I’d like to say that I’m my own person and that all of my ideas and first impressions of the world were formulated and found by me, moi, and yours truly. That I was born into a world that could be my oyster.
I was born into a family where a big brother already existed. I was born into his world. He took his big brother responsibility so seriously, sometimes I feel like part of me is an off-shoot of him.
Big brothers are sort of an anomaly. They look out for you, but they also see you as a puppy sees it’s chew toy. It didn’t matter that I was a girl, I had limbs and eyeballs, so therefore he was going to practice the “Suplex” on me every time he watched the WWF. Here’s a video, just in case you don’t know what it is.
I’m always a little jealous of the girls who say, “What?! My big brother never tried to kill me…”
Were your parents monks? How did your brother learn peace in such a hostile world?
Besides learning how to fend of wrestling moves, one of the first concepts I learned from my brother was what made a woman not only beautiful, but iconic. What others might call a sex symbol. As a kid you don’t think in those terms, you just hear your brother say, “Farrah Fawcett is the prettiest woman in the world” and you automatically know that Farrah Fawcett is what attractive means.
As a little girl, I had no knowledge of the nipple controversy surrounding Farrah Fawcett’s poster, the one that made my brother love her so much. All I saw was a red bathing suit, a full head of hair, cleavage, legs, and a giant smile. Because my big brother watched “Charlie’s Angels,” I watched “Charlie’s Angels.” At that point in childhood, we were inseparable. He watched it for Farrah. I lucked out- I was watching women who were saving the day as opposed to damsels in distress.
I thought Farrah was pretty, but I didn’t pick her as my favorite Angel. When I was a little girl, I picked females I could pretend to be during role-playing games with the other girls. I couldn’t bring myself to pick someone who my brother thought was sexy. It felt almost incestuous. If I wanted to be Farrah it was like wanting to be someone my brother wanted to get schmoozy with. Ew…
Besides, I knew I could never be Farrah, because I was a brunette. I liked Jacklyn Smith and Kate Jackson. They represented my breed, somehow; and I wanted to grow up to be like them, sexy and smart. Later, I included Cheryl Ladd in my likes because I thought she looked beautiful even when knives were thrown at her in the opening credits of the show. Also, just because she didn’t look like me, I wasn’t going to hate her. What kind of idiot does that?
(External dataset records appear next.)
lemma basis_indices_axis_multiple:
  fixes X :: "(int ^ 'd) list"
  assumes B: "basis_indices X B"
  obtains c n where "c \<noteq> 0" "axis k c = (\<Sum>b\<in>B. n b *s X!b)"
proof -
  let ?v = "\<lambda>i. to_real (X!i)"
  have fin: "finite B" using basis_indices_finite[OF B] .
  have indep: "independent (?v ` B)" and inj: "inj_on ?v B"
    using B unfolding basis_indices_def by auto
  define I where "I = insert None (Some ` B)"
  define F where "F = (\<lambda>i j. case i of None \<Rightarrow> axis k 1 $ j | Some b \<Rightarrow> (X!b) $ j)"
  have "finite I" "card (UNIV :: 'd set) < card I"
    using fin card_basis_indices[OF B] by (auto simp: I_def card_image)
  \<comment> \<open>\<open>None\<close> indexes \<open>e\<^sub>k\<close>, \<open>Some b\<close> the basis vectors: \<open>d + 1\<close> vectors in \<open>\<int>\<^sup>d\<close> are dependent\<close>
  then obtain c where c: "\<exists>i\<in>I. c i \<noteq> 0" "\<forall>j. (\<Sum>i\<in>I. c i * F i j) = (0::int)"
    using exists_nontrivial_relation_on_finite_set[of UNIV I F] by auto
  have "(\<Sum>i\<in>I. c i * F i j) = c None * axis k 1 $ j + (\<Sum>b\<in>B. c (Some b) * (X!b) $ j)" for j
    unfolding I_def using fin by (simp add: sum.reindex F_def)
  with c(2) have relation: "c None *s axis k 1 + (\<Sum>b\<in>B. c (Some b) *s X!b) = 0"
    by (simp add: vec_eq_iff sum_component)
  have "c None \<noteq> 0"
  proof
    assume c0: "c None = 0"
    with relation have "to_real (\<Sum>b\<in>B. c (Some b) *s X!b) = 0" by simp
    then have "(\<Sum>b\<in>B. of_int (c (Some b)) *\<^sub>R ?v b) = 0" by (simp add: to_real_sum)
    then have "\<forall>b\<in>B. c (Some b) = 0"
      using independent_image_scalars_zero[OF indep inj] by fastforce
    with c0 c(1) show False by (auto simp: I_def)
  qed
  moreover have "axis k (c None) = (\<Sum>b\<in>B. (- c (Some b)) *s X!b)"
  proof -
    have "axis k (c None) = c None *s axis k 1" by (simp add: vec_eq_iff axis_def)
    also have "\<dots> = (\<Sum>b\<in>B. (- c (Some b)) *s X!b)"
      using relation by (simp add: vec_eq_iff sum_component sum_negf eq_neg_iff_add_eq_0)
    finally show ?thesis .
  qed
  ultimately show thesis by (rule that)
qed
There was another chick who I wanted to be from my brother’s favorites, and that was Daisy Duke. I can’t tell you one episode of the Dukes of Hazaard, I was too young. I know the background, car chases with the sheriff in the General Lee, and the family laughing together at the end of every episode, but not much more. Daisy Duke amazed me. She had two brothers, and they never beat up on her! When I was a little girl, I saw a very sexy female hold her own in a good ol’ boys world. She was ahead of her time.
“She’s hot,” weren’t the only words that told me what women impressed my older brother. On drives through Malibu, he would point at giant mansions overlooking the ocean and say, “That’s Cher’s house…. that’s Madonna’s house…. that’s where Sylvester Stallone lives…”
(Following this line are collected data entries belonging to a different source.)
lemma has_integral_cos_ln_01:
  assumes "0 < x" "x \<le> 1"
  shows "((\<lambda>s. cos (s * ln x)) has_integral g5 x + of_bool (x = 1)) {0..1}"
proof (cases "x = 1")
  case True
  then show ?thesis
    using has_integral_const_real[of 1 0 1] by (simp add: g5_def)
next
  case False
  then have "ln x \<noteq> 0" "g5 x = sin (ln x) / ln x"
    using assms by (auto simp: g5_def)
  moreover have "((\<lambda>s. sin (s * ln x) / ln x) has_real_derivative cos (s * ln x)) (at s)" for s
    using \<open>ln x \<noteq> 0\<close> by (auto intro!: derivative_eq_intros)
  ultimately show ?thesis
    using False has_integral_01_of_derivative by fastforce
qed

lemma has_integral_inverse_sum_squares_01:
  fixes a :: real
  assumes "0 < a"
  shows "((\<lambda>s. 1 / (a\<^sup>2 + s\<^sup>2)) has_integral arctan (1 / a) / a) {0..1}"
proof -
  have "((\<lambda>s. arctan (s / a) / a) has_real_derivative 1 / (a\<^sup>2 + s\<^sup>2)) (at s)" for s
  proof -
    have "0 < a * (a * a) + a * (s * s)"
      using assms by (simp add: add_pos_nonneg)
    then have "inverse (1 + (s / a)\<^sup>2) * (1 / a) / a = 1 / (a\<^sup>2 + s\<^sup>2)"
      using assms by (simp add: field_simps power2_eq_square)
    then show ?thesis
      using assms by (auto intro!: derivative_eq_intros)
  qed
  from has_integral_01_of_derivative[OF this] show ?thesis
    by simp
qed

lemma Re_of_real_powr_mult_cnj:
  fixes \<rho> :: complex
  assumes "0 < x" "0 < y"
  shows "Re (of_real x powr \<rho> * cnj (of_real y powr \<rho>))
           = (x * y) powr Re \<rho> * cos (Im \<rho> * ln (x / y))"
  using assms
  by (simp add: of_real_powr_eq_cis cis_cnj cis_mult powr_mult ln_div algebra_simps)

lemma sum_square_symmetric:
  fixes h :: "nat \<Rightarrow> nat \<Rightarrow> 'a::ring_1"
  assumes "\<And>k l. h k l = h l k"
  shows "(\<Sum>k=1..n. \<Sum>l=1..n. h k l) = 2 * (\<Sum>l=1..n. \<Sum>k=1..l. h k l) - (\<Sum>l=1..n. h l l)"
proof (induction n)
  case (Suc n)
  have "(\<Sum>k=1..Suc n. \<Sum>l=1..Suc n. h k l) = (\<Sum>k=1..n. \<Sum>l=1..n. h k l)
          + 2 * (\<Sum>k=1..n. h k (Suc n)) + h (Suc n) (Suc n)"
    using assms by (simp add: sum.distrib mult_2)
  then show ?case
    using Suc.IH by (simp add: algebra_simps mult_2)
qed simp

lemma norm_sum_powr_sq_eq_double_sum:
  fixes \<sigma> s :: real
  shows "(norm (\<Sum>k=1..n. of_nat k powr Complex (-\<sigma>) s))\<^sup>2
           = (\<Sum>k=1..n. \<Sum>l=1..n. cos (s * ln (real k / real l)) / (real k * real l) powr \<sigma>)"
proof -
  let ?A = "\<Sum>k=1..n. of_nat k powr Complex (-\<sigma>) s"
  have "(norm ?A)\<^sup>2 = Re (?A * cnj ?A)"
    by (metis Re_complex_of_real complex_norm_square)
  also have "\<dots> = (\<Sum>k=1..n. \<Sum>l=1..n.
                       Re (of_nat k powr Complex (-\<sigma>) s * cnj (of_nat l powr Complex (-\<sigma>) s)))"
    by (simp add: cnj_sum sum_product Re_sum)
  also have "\<dots> = (\<Sum>k=1..n. \<Sum>l=1..n. cos (s * ln (real k / real l)) / (real k * real l) powr \<sigma>)"
  proof (intro sum.cong refl)
    fix k l assume "k \<in> {1..n}" "l \<in> {1..n}"
    then show "Re (of_nat k powr Complex (-\<sigma>) s * cnj (of_nat l powr Complex (-\<sigma>) s))
                 = cos (s * ln (real k / real l)) / (real k * real l) powr \<sigma>"
      using Re_of_real_powr_mult_cnj[of "real k" "real l" "Complex (-\<sigma>) s"]
      by (simp add: powr_minus_divide)
  qed
  finally show ?thesis .
qed

lemma has_integral_norm_sum_powr_sq:
  fixes \<sigma> :: real
  shows "((\<lambda>s. (norm (\<Sum>k=1..n. of_nat k powr Complex (-\<sigma>) s))\<^sup>2)
           has_integral 2 * S_sum n \<sigma> g5 + (\<Sum>l=1..n. real l powr (-2 * \<sigma>))) {0..1}"
proof -
  define h where "h s k l = cos (s * ln (real k / real l)) / (real k * real l) powr \<sigma>" for s k l
  define D where "D = (\<Sum>l=1..n. real l powr (-2 * \<sigma>))"
  have square_weight: "1 / (real l * real l) powr \<sigma> = real l powr (-2 * \<sigma>)" for l
    by (simp add: powr_mult powr_minus_divide powr_add[symmetric])
  have diagonal: "(\<Sum>l=1..n. h s l l) = D" for s
    by (auto simp: h_def D_def square_weight intro!: sum.cong)
  have pair_integral: "((\<lambda>s. h s k l) has_integral
                         (g5 (real k / real l) + of_bool (k = l)) / (real k * real l) powr \<sigma>) {0..1}"
    if "1 \<le> k" "k \<le> l" for k l
  proof -
    have ratio: "0 < real k / real l" "real k / real l \<le> 1" "real k / real l = 1 \<longleftrightarrow> k = l"
      using that by auto
    show ?thesis
      using has_integral_divide[OF has_integral_cos_ln_01[OF ratio(1,2)],
                                of "(real k * real l) powr \<sigma>"]
      unfolding h_def ratio(3) .
  qed
  have weights: "(\<Sum>l=1..n. \<Sum>k=1..l.
                     (g5 (real k / real l) + of_bool (k = l)) / (real k * real l) powr \<sigma>)
                   = S_sum n \<sigma> g5 + D"
  proof -
    have "(\<Sum>k=1..l. of_bool (k = l) / (real k * real l) powr \<sigma>)
            = (\<Sum>k=1..l. if k = l then 1 / (real l * real l) powr \<sigma> else 0)" for l
      by (intro sum.cong) auto
    then have "(\<Sum>k=1..l. of_bool (k = l) / (real k * real l) powr \<sigma>) = real l powr (-2 * \<sigma>)"
      if "1 \<le> l" for l
      using that by (simp add: square_weight)
    then show ?thesis
      by (simp add: S_sum_def D_def add_divide_distrib sum.distrib)
  qed
  have "((\<lambda>s. \<Sum>l=1..n. \<Sum>k=1..l. h s k l) has_integral S_sum n \<sigma> g5 + D) {0..1}"
    unfolding weights[symmetric] using pair_integral by (intro has_integral_sum) auto
  then have H_integral:
      "((\<lambda>s. 2 * (\<Sum>l=1..n. \<Sum>k=1..l. h s k l) - D) has_integral 2 * S_sum n \<sigma> g5 + D) {0..1}"
    using has_integral_const_real[of D 0 1]
    by (intro has_integral_eq_rhs[OF has_integral_diff[OF has_integral_mult_right]]) auto
  have square_eq: "(norm (\<Sum>k=1..n. of_nat k powr Complex (-\<sigma>) s))\<^sup>2
                     = 2 * (\<Sum>l=1..n. \<Sum>k=1..l. h s k l) - D" for s
  proof -
    have "h s k l = h s l k" for k l
      unfolding h_def by (metis cos_minus inverse_divide ln_inverse mult.commute mult_minus_right)
    then show ?thesis
      unfolding norm_sum_powr_sq_eq_double_sum diagonal[symmetric, of s]
      by (simp only: h_def[symmetric] sum_square_symmetric)
  qed
  from H_integral show ?thesis
    unfolding D_def[symmetric] square_eq .
qed

lemma norm_sum_powr_Complex_minus_antiderivative_le:
  assumes "0 < \<sigma>" "\<sigma> < 1" "\<bar>s\<bar> \<le> 1" "1 \<le> n"
  shows "norm ((\<Sum>k=1..n. of_nat k powr Complex (-\<sigma>) s)
                - of_nat n powr Complex (1 - \<sigma>) s / Complex (1 - \<sigma>) s)
           \<le> 2 * (1 / (1 - \<sigma>) + (\<Sum>k. real k powr (-\<sigma> - 1)))"
proof -
  define \<rho> where "\<rho> = Complex (-\<sigma>) s"
  have shift: "\<rho> + 1 = Complex (1 - \<sigma>) s"
    by (simp add: \<rho>_def complex_eq_iff)
  have "\<rho> \<noteq> -1"
    using assms(2) by (auto simp: \<rho>_def complex_eq_iff)
  then have "norm ((\<Sum>k=1..n. of_nat k powr \<rho>) - of_nat n powr (\<rho> + 1) / (\<rho> + 1))
               \<le> norm \<rho> * (1 / norm (\<rho> + 1) + (\<Sum>k. real k powr (-\<sigma> - 1)))"
    using norm_sum_powr_minus_antiderivative_le[of \<rho> n] assms by (simp add: \<rho>_def)
  also have "\<dots> \<le> 2 * (1 / (1 - \<sigma>) + (\<Sum>k. real k powr (-\<sigma> - 1)))"
  proof (intro mult_mono add_right_mono frac_le add_nonneg_nonneg)
    show "norm \<rho> \<le> 2"
      using cmod_le[of \<rho>] assms by (simp add: \<rho>_def)
    show "1 - \<sigma> \<le> norm (\<rho> + 1)"
      using abs_Re_le_cmod[of "\<rho> + 1"] by (simp add: shift)
    show "0 \<le> (\<Sum>k. real k powr (-\<sigma> - 1))"
      using assms by (intro suminf_nonneg) (auto simp: summable_real_powr_iff)
  qed (use assms in auto)
  finally show ?thesis
    by (simp only: shift) (simp only: \<rho>_def)
qed

lemma abs_square_diff_le:
  fixes x y c :: real
  assumes "\<bar>x - y\<bar> \<le> c" "0 \<le> x" "0 \<le> y"
  shows "\<bar>x\<^sup>2 - y\<^sup>2\<bar> \<le> c * (2 * y + c)"
proof -
  have "x\<^sup>2 - y\<^sup>2 = (x - y) * (x + y)"
    by (simp add: power2_eq_square algebra_simps)
  then have "\<bar>x\<^sup>2 - y\<^sup>2\<bar> = \<bar>x - y\<bar> * (x + y)"
    using assms by (simp add: abs_mult)
  also have "\<dots> \<le> c * (2 * y + c)"
    using assms by (intro mult_mono) auto
  finally show ?thesis .
qed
I don’t know how he knew they lived in those houses, he most likely heard it from another older kid. Maybe they lived there, and maybe they didn’t. As he showed me cliffside homes and named celebrities, my eyes grew wide. I believed that he actually had insight about the people who lived behind the walls of those PCH fortresses.
There is a time in childhood when younger siblings treat the words of their older siblings like gold. Maybe we never completely grow out of it.
For the record, my brother’s name is Rocky. He put Cher and Madonna on the same level as his namesake and hero. That’s pretty empowering to a little girl who looks up to her big brother.
I know that my brother was a little rough on me, not because he hated me, but because he didn’t want his sister getting taken advantage of. It was his job to prepare me for the world that he was experiencing, and it was a boy’s world. He talked to other boys about sexy women and body parts what they wanted to do to those sexy women; and it was okay for them- but it was never okay for anyone to think about his sister in those terms. Those beat downs he gave me served a dual purpose. One, he was training for his own future should he need to fight in the street, and he was training me for mine, should I ever need to fight off anyone who thought like him and his friends.
I’m grateful that Rocky was my big brother. As much as he was my tormentor he was also my protector. He was the person who consistently pulled back the curtains to the windows of a kid’s world to show me more than I would have seen had I been alone.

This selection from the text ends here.